С самого начала на военной кафедре, позже ставшей факультетом военного обучения (ныне это – Военный учебный центр при ЮУрГУ), боевые офицеры передавали и передают свои знания и опыт студентам университета.

 

Когда-то в рядах этих наставников-командиров были ветераны Великой Отечественной войны, сейчас славные традиции продолжают участники локальных боевых действий нового времени. В числе тех, на чьём примере учатся нынешние слушатели ВУЦ, подполковник Алик Максутович Хуснутдинов. Он прошёл не одну горячую точку, его заслуги перед страной отмечены наградами. Наверное, многие видели Алика Максутовича на праздничных мероприятиях, в том числе в честь Дня Победы и Дня защитника Отечества, во главе знамённой группы с флагами России, университета и факультета военного обучения или Военного учебного центра.

 

Пример для подражания

– Родился я в деревне Сарино Кунашакского района Челябинской области 29 августа 1965 года, – рассказывает Алик Максутович. – Честно говоря, военным хотел стать с детства. Мне было на кого равняться: мой дядя Малик Газизович – участник Великой Отечественной войны, артиллерист. Его брат, мой отец – механик-водитель Т-34. Правда, воевать папе не довелось: он младше дяди Малика. Нас-то в семье шестеро: помимо меня, ещё два брата и три сестры. Старший брат стал офицером внутренних войск, дважды во время Чеченских кампаний был в служебной командировке на Северном Кавказе. Младший брат исполнял интернациональный долг в Республике Афганистан.
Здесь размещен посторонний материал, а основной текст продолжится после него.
(* For each integer $n\ge 2$ let $a_{1,n},\dots,a_{n,n}>0$ with $\sum_{i=1}^n a_{i,n}=n$, and suppose there exists $M\ge 1$ such that $a_{i,n}\le M$ for all $n\ge 2$ and all $i=1,\dots,n$. Let $\gamma$ be Euler's constant. Then for every $\varepsilon>0$ there exists $\delta>0$ such that for every $s\in(-\delta,\delta)\setminus\{0\}$ and every integer $n\ge 2$, $$(1-\varepsilon)e^{-\gamma}<\left(\prod_{i=1}^n\Gamma(1+a_{i,n}s)\right)^{1/(sn)}<(1+\varepsilon)e^{-\gamma}.$$
   Context: $\Gamma$ is the Gamma function. *)

theory Defs
  imports "HOL-Analysis.Analysis"
begin

end

theory Submission
  imports Defs
begin

text \<open>Since \<open>ln \<Gamma>(1 + h) = -\<gamma> h + o(h)\<close>, each factor contributes
  \<open>ln \<Gamma>(1 + a\<^sub>i s) = a\<^sub>i s (-\<gamma> + e\<^sub>i)\<close> with \<open>|e\<^sub>i|\<close> small as soon as \<open>|a\<^sub>i s| \<le> M |s|\<close> is small.
  Dividing the logarithm of the product by \<open>s n = s \<Sum> a\<^sub>i\<close> gives \<open>-\<gamma>\<close> plus the
  \<open>a\<close>-weighted mean of the \<open>e\<^sub>i\<close>, which is small uniformly in \<open>n\<close>.\<close>

lemma ln_Gamma_one_plus_over_tendsto:
  "(\<lambda>h::real. ln_Gamma (1 + h) / h) \<midarrow>0\<rightarrow> - euler_mascheroni"
proof -
  have "(ln_Gamma has_field_derivative Digamma (1::real)) (at 1)"
    by (rule has_field_derivative_ln_Gamma_real) simp
  hence "(\<lambda>h. (ln_Gamma (1 + h) - ln_Gamma (1::real)) / h) \<midarrow>0\<rightarrow> Digamma (1::real)"
    by (simp add: DERIV_def)
  moreover have "ln_Gamma (1::real) = 0"
    by (simp add: ln_Gamma_real_pos)
  ultimately show ?thesis
    by simp
qed

lemma ln_Gamma_one_plus_over_close:
  fixes \<eta> :: real
  assumes "\<eta> > 0"
  obtains \<rho> where "\<rho> > 0"
    and "\<And>h. h \<noteq> 0 \<Longrightarrow> \<bar>h\<bar> < \<rho> \<Longrightarrow>
           Gamma (1 + h) > 0 \<and> \<bar>ln (Gamma (1 + h)) / h + euler_mascheroni\<bar> < \<eta>"
proof -
  obtain \<rho>' where "\<rho>' > 0" and close: "\<And>h::real. h \<noteq> 0 \<and> norm (h - 0) < \<rho>' \<Longrightarrow>
      norm (ln_Gamma (1 + h) / h - - euler_mascheroni) < \<eta>"
    using LIM_D[OF ln_Gamma_one_plus_over_tendsto assms] by blast
  show ?thesis
  proof (rule that[of "min \<rho>' 1"])
    show "min \<rho>' 1 > 0"
      using \<open>\<rho>' > 0\<close> by simp
    fix h :: real
    assume "h \<noteq> 0" "\<bar>h\<bar> < min \<rho>' 1"
    hence "1 + h > 0"
      by (auto simp: abs_less_iff)
    thus "Gamma (1 + h) > 0 \<and> \<bar>ln (Gamma (1 + h)) / h + euler_mascheroni\<bar> < \<eta>"
      using close[of h] \<open>h \<noteq> 0\<close> \<open>\<bar>h\<bar> < min \<rho>' 1\<close>
      by (simp add: ln_Gamma_real_pos[symmetric])
  qed
qed

lemma weighted_sum_abs_less:
  fixes w f :: "'a \<Rightarrow> real"
  assumes "finite I" "I \<noteq> {}"
    and "\<And>i. i \<in> I \<Longrightarrow> w i > 0" "\<And>i. i \<in> I \<Longrightarrow> \<bar>f i\<bar> < \<eta>"
  shows "\<bar>\<Sum>i\<in>I. w i * f i\<bar> < \<eta> * (\<Sum>i\<in>I. w i)"
proof -
  have "\<bar>\<Sum>i\<in>I. w i * f i\<bar> \<le> (\<Sum>i\<in>I. \<bar>w i * f i\<bar>)"
    by (rule sum_abs)
  also have "\<dots> < (\<Sum>i\<in>I. w i * \<eta>)"
  proof (rule sum_strict_mono)
    fix i
    assume "i \<in> I"
    thus "\<bar>w i * f i\<bar> < w i * \<eta>"
      using assms(3,4)[OF \<open>i \<in> I\<close>] by (simp add: abs_mult mult_strict_left_mono)
  qed (use assms in auto)
  finally show ?thesis
    by (simp add: sum_distrib_left mult.commute)
qed

lemma ln_prod_Gamma_weighted_close:
  fixes w :: "'a \<Rightarrow> real" and s \<rho> \<eta> :: real
  assumes close: "\<And>h. h \<noteq> 0 \<Longrightarrow> \<bar>h\<bar> < \<rho> \<Longrightarrow>
           Gamma (1 + h) > 0 \<and> \<bar>ln (Gamma (1 + h)) / h + euler_mascheroni\<bar> < \<eta>"
    and I: "finite I" "I \<noteq> {}"
    and w: "\<And>i. i \<in> I \<Longrightarrow> w i > 0" "\<And>i. i \<in> I \<Longrightarrow> \<bar>w i * s\<bar> < \<rho>"
    and "s \<noteq> 0"
  shows "(\<Prod>i\<in>I. Gamma (1 + w i * s)) > 0"
    and "\<bar>ln (\<Prod>i\<in>I. Gamma (1 + w i * s)) / (s * (\<Sum>i\<in>I. w i)) + euler_mascheroni\<bar> < \<eta>"
proof -
  define P where "P = (\<Prod>i\<in>I. Gamma (1 + w i * s))"
  define e where "e i = ln (Gamma (1 + w i * s)) / (w i * s) + euler_mascheroni" for i
  have nonzero: "w i * s \<noteq> 0" if "i \<in> I" for i
    using w(1)[OF that] \<open>s \<noteq> 0\<close> by simp
  have Gamma_factor_pos: "Gamma (1 + w i * s) > 0" and e_small: "\<bar>e i\<bar> < \<eta>" if "i \<in> I" for i
    using close[OF nonzero[OF that] w(2)[OF that]] by (simp_all add: e_def)
  show "(\<Prod>i\<in>I. Gamma (1 + w i * s)) > 0"
    using Gamma_factor_pos by (intro prod_pos) auto
  define W where "W = (\<Sum>i\<in>I. w i)"
  have "W > 0"
    unfolding W_def using I w(1) by (intro sum_pos) auto
  have Gamma_nonzero: "Gamma (1 + w i * s) \<noteq> 0" if "i \<in> I" for i
    using Gamma_factor_pos[OF that] by simp
  have ln_Gamma_eq: "ln (Gamma (1 + w i * s)) = w i * s * (e i - euler_mascheroni)" if "i \<in> I" for i
    using nonzero[OF that] by (simp add: e_def)
  have "ln P = (\<Sum>i\<in>I. ln (Gamma (1 + w i * s)))"
    unfolding P_def using I(1) Gamma_nonzero by (rule ln_prod)
  also have "\<dots> = (\<Sum>i\<in>I. w i * s * (e i - euler_mascheroni))"
    using ln_Gamma_eq by (rule sum.cong[OF refl])
  also have "\<dots> = s * ((\<Sum>i\<in>I. w i * e i) - euler_mascheroni * W)"
    by (simp add: W_def sum_subtractf sum_distrib_left sum_distrib_right algebra_simps)
  finally have "ln P / (s * W) + euler_mascheroni = (\<Sum>i\<in>I. w i * e i) / W"
    using \<open>s \<noteq> 0\<close> \<open>W > 0\<close> by (simp add: divide_simps)
  moreover have "\<bar>\<Sum>i\<in>I. w i * e i\<bar> < \<eta> * W"
    unfolding W_def using I w(1) e_small by (rule weighted_sum_abs_less)
  ultimately have "\<bar>ln P / (s * W) + euler_mascheroni\<bar> < \<eta>"
    using \<open>W > 0\<close> by (simp add: abs_divide pos_divide_less_eq)
  thus "\<bar>ln (\<Prod>i\<in>I. Gamma (1 + w i * s)) / (s * (\<Sum>i\<in>I. w i)) + euler_mascheroni\<bar> < \<eta>"
    by (simp only: P_def W_def)
qed

lemma exp_bounds_of_abs_less_ln:
  fixes E \<epsilon> :: real
  assumes "\<epsilon> > 0" "\<bar>E\<bar> < ln (1 + \<epsilon>)"
  shows "1 - \<epsilon> < exp E" "exp E < 1 + \<epsilon>"
proof -
  have exp_ln: "exp (ln (1 + \<epsilon>)) = 1 + \<epsilon>"
    using assms(1) by simp
  show "exp E < 1 + \<epsilon>"
    using assms(2) exp_ln by (metis abs_less_iff exp_less_cancel_iff)
  have "1 - \<epsilon> < 1 / (1 + \<epsilon>)"
    using assms(1) by (simp add: field_simps)
  also have "\<dots> = exp (- ln (1 + \<epsilon>))"
    using exp_ln by (simp add: exp_minus inverse_eq_divide)
  also have "\<dots> < exp E"
    using assms(2) by simp
  finally show "1 - \<epsilon> < exp E" .
qed

lemma powr_inverse_bounds_exp_neg_euler_mascheroni:
  fixes P t \<epsilon> :: real
  assumes "P > 0" "\<epsilon> > 0"
    and close: "\<bar>ln P / t + euler_mascheroni\<bar> < ln (1 + \<epsilon>)"
  shows "(1 - \<epsilon>) * exp (- euler_mascheroni) < P powr (1 / t)"
    and "P powr (1 / t) < (1 + \<epsilon>) * exp (- euler_mascheroni)"
proof -
  define E where "E = ln P / t + euler_mascheroni"
  have "P powr (1 / t) = exp E * exp (- euler_mascheroni)"
    using \<open>P > 0\<close> by (simp add: E_def powr_def exp_add[symmetric])
  thus "(1 - \<epsilon>) * exp (- euler_mascheroni) < P powr (1 / t)"
    and "P powr (1 / t) < (1 + \<epsilon>) * exp (- euler_mascheroni)"
    using exp_bounds_of_abs_less_ln[OF \<open>\<epsilon> > 0\<close>, of E] close by (simp_all add: E_def)
qed

theorem mainTheorem8:
  fixes a :: "nat \<Rightarrow> nat \<Rightarrow> real" and M :: real
  assumes pos: "\<And>n i. n \<ge> 2 \<Longrightarrow> i \<in> {1..n} \<Longrightarrow> a i n > 0"
    and sum: "\<And>n. n \<ge> 2 \<Longrightarrow> (\<Sum>i=1..n. a i n) = real n"
    and M: "M \<ge> 1"
    and bound: "\<And>n i. n \<ge> 2 \<Longrightarrow> i \<in> {1..n} \<Longrightarrow> a i n \<le> M"
  shows "\<forall>\<epsilon>>0. \<exists>\<delta>>0. \<forall>s. s \<in> {-\<delta><..<\<delta>} - {0} \<longrightarrow> (\<forall>n\<ge>2.
           (1 - \<epsilon>) * exp (- euler_mascheroni) <
             (\<Prod>i=1..n. Gamma (1 + a i n * s)) powr (1 / (s * real n)) \<and>
           (\<Prod>i=1..n. Gamma (1 + a i n * s)) powr (1 / (s * real n)) <
             (1 + \<epsilon>) * exp (- euler_mascheroni))"
proof (intro allI impI)
  fix \<epsilon> :: real
  assume "\<epsilon> > 0"
  obtain \<rho> where "\<rho> > 0" and close: "\<And>h. h \<noteq> 0 \<Longrightarrow> \<bar>h\<bar> < \<rho> \<Longrightarrow>
      Gamma (1 + h) > 0 \<and> \<bar>ln (Gamma (1 + h)) / h + euler_mascheroni\<bar> < ln (1 + \<epsilon>)"
    using ln_Gamma_one_plus_over_close[of "ln (1 + \<epsilon>)"] \<open>\<epsilon> > 0\<close> by auto
  show "\<exists>\<delta>>0. \<forall>s. s \<in> {-\<delta><..<\<delta>} - {0} \<longrightarrow> (\<forall>n\<ge>2.
           (1 - \<epsilon>) * exp (- euler_mascheroni) <
             (\<Prod>i=1..n. Gamma (1 + a i n * s)) powr (1 / (s * real n)) \<and>
           (\<Prod>i=1..n. Gamma (1 + a i n * s)) powr (1 / (s * real n)) <
             (1 + \<epsilon>) * exp (- euler_mascheroni))"
  proof (intro exI[of _ "\<rho> / M"] conjI allI impI)
    show "\<rho> / M > 0"
      using \<open>\<rho> > 0\<close> M by simp
    fix s :: real and n :: nat
    assume s: "s \<in> {- (\<rho> / M)<..<\<rho> / M} - {0}" and n: "n \<ge> 2"
    have "s \<noteq> 0" "\<bar>s\<bar> * M < \<rho>"
      using s M by (auto simp: field_simps abs_less_iff)
    have small: "\<bar>a i n * s\<bar> < \<rho>" if "i \<in> {1..n}" for i
    proof -
      have "\<bar>a i n * s\<bar> = a i n * \<bar>s\<bar>"
        using pos[OF n that] by (simp add: abs_mult)
      also have "\<dots> \<le> \<bar>s\<bar> * M"
        using bound[OF n that] by (simp add: mult_right_mono mult.commute[of "\<bar>s\<bar>"])
      finally have "\<bar>a i n * s\<bar> \<le> \<bar>s\<bar> * M" .
      thus ?thesis
        using \<open>\<bar>s\<bar> * M < \<rho>\<close> by linarith
    qed
    have I: "finite {1..n}" "{1..n} \<noteq> {}"
      using n by auto
    note mean_close = ln_prod_Gamma_weighted_close[where w = "\<lambda>i. a i n",
        OF close I pos[OF n] small \<open>s \<noteq> 0\<close>]
    show "(1 - \<epsilon>) * exp (- euler_mascheroni) <
             (\<Prod>i=1..n. Gamma (1 + a i n * s)) powr (1 / (s * real n))"
      "(\<Prod>i=1..n. Gamma (1 + a i n * s)) powr (1 / (s * real n)) <
             (1 + \<epsilon>) * exp (- euler_mascheroni)"
      using powr_inverse_bounds_exp_neg_euler_mascheroni[OF mean_close(1) \<open>\<epsilon> > 0\<close>]
        mean_close(2) unfolding sum[OF n] by blast+
  qed
qed

end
Ещё в школе, когда писали сочинения на тему будущей профессии, я всегда отмечал, что хочу стать военным лётчиком. Со временем мечта изменилась: точно знал, что желаю быть военным, но только не лётчиком, а танкистом, как отец. После окончания в 1983 году Саринской средней школы моя мечта быть военным начала осуществляться: после успешной сдачи вступительных экзаменов я стал курсантом Челябинского высшего танкового командного училища.

 

На советском Кавказе

Первое место службы после выпуска – Краснознамённый Закавказский военный округ, город Ахалкалаки, приграничный гарнизон советско-турецкой границы. Шёл 1987 год. Служба протекала более-менее спокойно. Но 7 декабря 1988 года случилось печально знаменитое Спитакское землетрясение. Наша дивизия была поднята по тревоге и отправлена на ликвидацию последствий стихийного бедствия. Первое, что мы увидели, это город в огне и руинах. В первые дни наша задача была откапывать выживших, позже – вытаскивать из развалин погибших. Техники поначалу не хватало, так что разбирали завалы вручную. На эту трагедию откликнулась вся страна: приезжали военные, медики, другие специалисты, летели самолёты со всем необходимым – мы помогали их разгружать. Помню, например, прислали партию тракторов с нашего ЧТЗ, а из Киргизии – юрты. Помощь приходила даже из-за рубежа. Конечно, уставали страшно, но понимали: надо спасать людей. За помощь в ликвидации последствий землетрясения я был удостоен медали «За отличие в воинской службе» I степени.

Дальше – снова служба, я стал командиром танковой роты. По замене меня направили в ЗГВ (Западная группа войск). Но советская эпоха близилась к закату, как раз в то время началось объединение Германии – и СССР стал выводить оттуда войска. Вывели и нашу дивизию.

 

Карабах

После вывода нашей части из Германии я попросил, чтобы меня направили обратно в Закавказье. Просьба моя была удовлетворена, мне было выписано предписание в часть, которая дислоцировалась в городе Гянджа, Азербайджанской ССР. Как известно, конфликт в Нагорном Карабахе, хотя и имеет давние корни, разгорелся во время горбачёвской Перестройки. Обострились межнациональные распри. Нашим подразделениям была поставлена задача не допустить разрастания конфликта, сдерживать обе стороны, не давать им соприкасаться.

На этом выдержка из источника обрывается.